# DATASET

(* Let $r,l,\tilde{l}>0$ and let $E\subset\mathbb{R}^5$ be the four-dimensional ellipsoid $$\frac{x_0^2}{r^2}+\frac{x_1^2+x_2^2}{l^2}+\frac{x_3^2+x_4^2}{\tilde{l}^2}=1$$ equipped with the metric $ds^2=\sum_{a=1}^4 e^a\otimes e^a$, where in coordinates $\rho\in[0,\pi]$, $\theta\in[0,\tfrac{\pi}{2}]$, $\varphi,\chi\in[0,2\pi]$, $$e^1=l\sin\rho\cos\theta\,d\varphi,\quad e^2=\tilde{l}\sin\rho\sin\theta\,d\chi,\quad e^3=f\sin\rho\,d\theta+h\,d\rho,\quad e^4=g\,d\rho,$$ with $f=\sqrt{l^2\sin^2\theta+\tilde{l}^2\cos^2\theta}$, $g=\sqrt{r^2\sin^2\rho+l^2\tilde{l}^2f^{-2}\cos^2\rho}$, $h=\frac{\tilde{l}^2-l^2}{f}\cos\rho\sin\theta\cos\theta$. (This is the metric induced on $E$ from the Euclidean metric of $\mathbb{R}^5$ via $x_0=r\cos\rho$, $(x_1,x_2)=l\sin\rho\cos\theta(\cos\varphi,\sin\varphi)$, $(x_3,x_4)=\tilde{l}\sin\rho\sin\theta(\cos\chi,\sin\chi)$.) Then this metric is Einstein, i.e. its Ricci tensor satisfies $R_{ab}=\lambda\delta_{ab}$ for some constant $\lambda\in\mathbb{R}$, if and only if $r=l=\tilde{l}$.
   Context: A Riemannian metric is Einstein if its Ricci tensor is a constant multiple of the metric. For $r=l=\tilde{l}$ the metric above is the round four-sphere of radius $r$. *)

theory Defs
  imports "HOL-Analysis.Analysis"
begin

text \<open>Coordinates on the chart of the ellipsoid: a point of the chart is
  x :: real^4 with x$1 = rho, x$2 = theta, x$3 = varphi, x$4 = chi.
  Frame index a = 1..4 corresponds to e^1..e^4.\<close>

definition ell_f :: "real \<Rightarrow> real \<Rightarrow> real \<Rightarrow> real" where
  "ell_f l lt \<theta> = sqrt (l\<^sup>2 * (sin \<theta>)\<^sup>2 + lt\<^sup>2 * (cos \<theta>)\<^sup>2)"

definition ell_g :: "real \<Rightarrow> real \<Rightarrow> real \<Rightarrow> real \<Rightarrow> real \<Rightarrow> real" where
  "ell_g r l lt \<rho> \<theta> =
     sqrt (r\<^sup>2 * (sin \<rho>)\<^sup>2 + l\<^sup>2 * lt\<^sup>2 / (ell_f l lt \<theta>)\<^sup>2 * (cos \<rho>)\<^sup>2)"

definition ell_h :: "real \<Rightarrow> real \<Rightarrow> real \<Rightarrow> real \<Rightarrow> real" where
  "ell_h l lt \<rho> \<theta> = (lt\<^sup>2 - l\<^sup>2) / ell_f l lt \<theta> * cos \<rho> * sin \<theta> * cos \<theta>"

text \<open>Coframe coefficients: row a, column i gives the coefficient of dx^i in e^a.\<close>
definition ell_frame :: "real \<Rightarrow> real \<Rightarrow> real \<Rightarrow> real^4 \<Rightarrow> real^4^4" where
  "ell_frame r l lt x = (let \<rho> = x$1; \<theta> = x$2 in
     vector [vector [0, 0, l * sin \<rho> * cos \<theta>, 0],
             vector [0, 0, 0, lt * sin \<rho> * sin \<theta>],
             vector [ell_h l lt \<rho> \<theta>, ell_f l lt \<theta> * sin \<rho>, 0, 0],
             vector [ell_g r l lt \<rho> \<theta>, 0, 0, 0]])"

definition ell_metric :: "real \<Rightarrow> real \<Rightarrow> real \<Rightarrow> real^4 \<Rightarrow> real^4^4" where
  "ell_metric r l lt x = transpose (ell_frame r l lt x) ** ell_frame r l lt x"

text \<open>Chart domain (open, dense in the ellipsoid): 0 < rho < pi, 0 < theta < pi/2.\<close>
definition ell_chart :: "(real^4) set" where
  "ell_chart = {x. 0 < x$1 \<and> x$1 < pi \<and> 0 < x$2 \<and> x$2 < pi / 2}"

definition pd :: "4 \<Rightarrow> (real^4 \<Rightarrow> real) \<Rightarrow> real^4 \<Rightarrow> real" where
  "pd k F x = deriv (\<lambda>t. F (x + t *\<^sub>R axis k 1)) 0"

# EXERCISE
Lines of the data that include the string "varphi" are to be counted; report the total by itself.

# REPLY
2